MSU’s three roller hockey teams participate in the program when they visit the Jewish Community Center in West Bloomfield for tournaments.

“Best part is seeing how much they like seeing roller hockey players like I wouldn’t consider myself a big athlete but they look up to us. So it makes me feel good helping them out,” Dylan Kamen, a MSU senior forward on the Division 1 team.

In the 1990s, many saw roller hockey and in-line skating as the next big sports.

One of the reasons Nike bought Bauer was the rise of in-line skating. In the mid-1990s one-fifth of Bauer’s sales were from in-line skates. Executives from Nike thought that they could integrate in-line speed skating and roller hockey into the Olympics within a couple of years.  However, within five years the popularity was sharply declining.

After Nike sold Bauer, in 2008 Bauer then bought ice hockey and roller hockey company, Mission-Itech Hockey. In 2009 Bauer reconfigured Mission Hockey to solely produce roller hockey gear.

This metamorphosis of companies means Michigan State’s roller hockey teams are able to participate in the local Hockey College program.

Kamen said, depending on the weekend, there can be 40-60 kids participating in the clinic. He also said that most kids have had roller hockey practice prior to the clinic but some “need more help than others.”
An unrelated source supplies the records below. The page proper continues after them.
lemma (in prob_space) strong_law_self_normalized_kernel:
  fixes Z :: "nat \<Rightarrow> 'a \<Rightarrow> 'w::{metric_space, second_countable_topology}"
    and k :: "'w \<Rightarrow> 'w \<Rightarrow> real" and \<phi> :: "'w \<Rightarrow> 'w \<Rightarrow> 'x::euclidean_space"
  assumes indep: "indep_vars (\<lambda>_. borel) Z UNIV" and distr: "\<And>i. distr M borel (Z i) = mu"
    and C: "compact C" and support: "AE s in mu. s \<in> C"
    and k: "continuous_on UNIV (\<lambda>(z, s). k z s)" and k_pos: "\<And>z s. 0 < k z s"
    and \<phi>: "continuous_on UNIV (\<lambda>(z, s). \<phi> z s)"
  shows "AE x in M. (\<lambda>N. (1 / real N) *\<^sub>R
      (\<Sum>j=1..N. (1 / (\<Sum>t=1..N. k (Z j x) (Z t x))) *\<^sub>R (\<Sum>i=1..N. \<phi> (Z j x) (Z i x))))
    \<longlonglongrightarrow> (\<integral>z. (1 / (\<integral>s. k z s \<partial>mu)) *\<^sub>R (\<integral>s. \<phi> z s \<partial>mu) \<partial>mu)"
proof -
  define G where "G z = (\<integral>s. k z s \<partial>mu)" for z
  define H where "H z = (\<integral>s. \<phi> z s \<partial>mu)" for z
  have [measurable]: "Z i \<in> borel_measurable M" for i
    using indep by (auto simp: indep_vars_def)
  have mu: "prob_space mu" "sets mu = sets borel"
    unfolding distr[of 0, symmetric] by (simp_all add: prob_space_distr)
  interpret mu: prob_space mu
    by (rule mu(1))
  have "0 < (\<lambda>(z, s). k z s) p" for p
    using k_pos by (simp add: split_beta)
  then obtain c where "c > 0" and c_le: "\<And>p. p \<in> C \<times> C \<Longrightarrow> c \<le> (\<lambda>(z, s). k z s) p"
    using continuous_on_compact_pos_lower_bound[OF compact_Times[OF C C] continuous_on_subset[OF k subset_UNIV]]
    by blast
  have c: "c \<le> k z s" if "z \<in> C" "s \<in> C" for z s
    using c_le[of "(z, s)"] that by simp
  have G_lower: "c \<le> G z" if "z \<in> C" for z
  proof -
    have "(\<integral>s. c \<partial>mu) \<le> G z"
      unfolding G_def using support c[OF that] mu(2) C continuous_on_slice[OF k]
      by (intro integral_mono_AE integrable_continuous_compact_support mu.finite_measure_axioms)
        (auto elim: eventually_mono)
    then show ?thesis
      by (simp add: mu.prob_space)
  qed
  have G_cont: "continuous_on C G" and H_cont: "continuous_on C H"
    unfolding G_def H_def using mu C support k \<phi> by (auto intro: continuous_on_parametric_integral_compact_support)
  then have H_bounded: "bounded (H ` C)"
    by (intro compact_imp_bounded compact_continuous_image C)
  define F where "F = (\<lambda>z. (1 / G z) *\<^sub>R H z)"
  have "F \<in> borel_measurable borel"
    unfolding F_def G_def H_def using mu k \<phi>
    by (intro borel_measurable_scaleR borel_measurable_divide borel_measurable_const
        borel_measurable_parametric_integral mu.sigma_finite_measure_axioms) simp_all
  moreover have "continuous_on C F"
    unfolding F_def using G_cont H_cont G_lower \<open>c > 0\<close> by (intro continuous_intros) (auto dest: G_lower)
  ultimately have F_lim: "AE x in M. (\<lambda>N. (1 / real N) *\<^sub>R (\<Sum>j=1..N. F (Z j x))) \<longlonglongrightarrow> integral\<^sup>L mu F"
    by (intro strong_law_continuous_on_support[OF indep distr C support])
  have in_C: "AE x in M. \<forall>i. Z i x \<in> C"
    using distr support by (intro AE_all_in_support) (simp_all add: borel_closed compact_imp_closed[OF C])
  from in_C F_lim uniform_strong_law_kernel[OF indep distr C support k]
    uniform_strong_law_kernel[OF indep distr C support \<phi>]
  show ?thesis
  proof eventually_elim
    case (elim x)
    then show ?case
      using G_lower \<open>c > 0\<close> H_bounded
      by (intro tendsto_self_normalized_average[where C = C and c = c]) (simp_all add: F_def G_def H_def)
  qed
qed

theorem mainTheorem4:
  fixes M :: "'a measure"
    and mu :: "'w::euclidean_space measure"
    and Q K :: "'w \<Rightarrow> 'k::euclidean_space"
    and V :: "'w \<Rightarrow> 'v::euclidean_space"
    and Z :: "nat \<Rightarrow> 'a \<Rightarrow> 'w"
    and tau :: real
  assumes "prob_space M"
    and "tau > 0"
    and "linear Q" and "linear K" and "linear V"
    and "prob_space mu" and "sets mu = sets borel"
    and "\<exists>B. bounded B \<and> B \<in> sets mu \<and> emeasure mu B = 1"
    and "\<And>i. Z i \<in> borel_measurable M"
    and "prob_space.indep_vars M (\<lambda>_. borel) Z UNIV"
    and "\<And>i. distr M borel (Z i) = mu"
  shows "AE \<omega> in M.
    (\<lambda>N. (1 / real N) *\<^sub>R
       (\<Sum>j=1..N. (1 / (\<Sum>t=1..N. exp ((Q (Z j \<omega>) \<bullet> K (Z t \<omega>)) / tau))) *\<^sub>R
          (\<Sum>i=1..N. exp ((Q (Z j \<omega>) \<bullet> K (Z i \<omega>)) / tau) *\<^sub>R V (Z i \<omega>))))
    \<longlonglongrightarrow>
    integral\<^sup>L mu (\<lambda>z. (1 / integral\<^sup>L mu (\<lambda>s. exp ((Q z \<bullet> K s) / tau))) *\<^sub>R
        integral\<^sup>L mu (\<lambda>z'. exp ((Q z \<bullet> K z') / tau) *\<^sub>R V z'))"
proof -
  interpret prob_space M by fact
  interpret mu: prob_space mu by fact
  obtain B where B: "bounded B" "B \<in> sets mu" "emeasure mu B = 1"
    using assms(8) by blast
  then have "AE s in mu. s \<in> B"
    by (subst mu.AE_in_set_eq_1) (simp_all add: mu.emeasure_eq_measure)
  then have support: "AE s in mu. s \<in> closure B"
    by (auto elim: eventually_mono intro: closure_subset[THEN subsetD])
  have Q: "bounded_linear Q" and K: "bounded_linear K" and V: "bounded_linear V"
    using assms(3-5) by (simp_all add: linear_conv_bounded_linear)
  have "continuous_on UNIV (\<lambda>(z, s). exp ((Q z \<bullet> K s) / tau))"
    "continuous_on UNIV (\<lambda>(z, s). exp ((Q z \<bullet> K s) / tau) *\<^sub>R V s)"
    unfolding split_beta' using \<open>tau > 0\<close>
    by (intro continuous_intros bounded_linear.continuous_on[OF Q] bounded_linear.continuous_on[OF K]
        bounded_linear.continuous_on[OF V]; simp)+
  from strong_law_self_normalized_kernel[OF assms(10,11) _ support this(1) _ this(2)] show ?thesis
    using B(1) by (simp add: compact_closure)
qed

end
Chase Kallen, a sophomore forward on the D1 team, said some of the younger kids can get a little cocky with the older players.

“One kid last year wanted to shoot on our goalie, not the little goalie. This little kid thought he was really good cause he was watching us, picking up all the moves and stuff and he was like yeah I wanna shoot on your goalie,” Kallen said.

The youngster proved his talent though, as he ended up scoring on MSU’s goalie.

While MSU is always looking to improve their own game, they also get the opportunity to improve the game as whole. Mission’s Hockey College helps advance their sport around the country to a younger generation and MSU’s teams are happy to help the cause.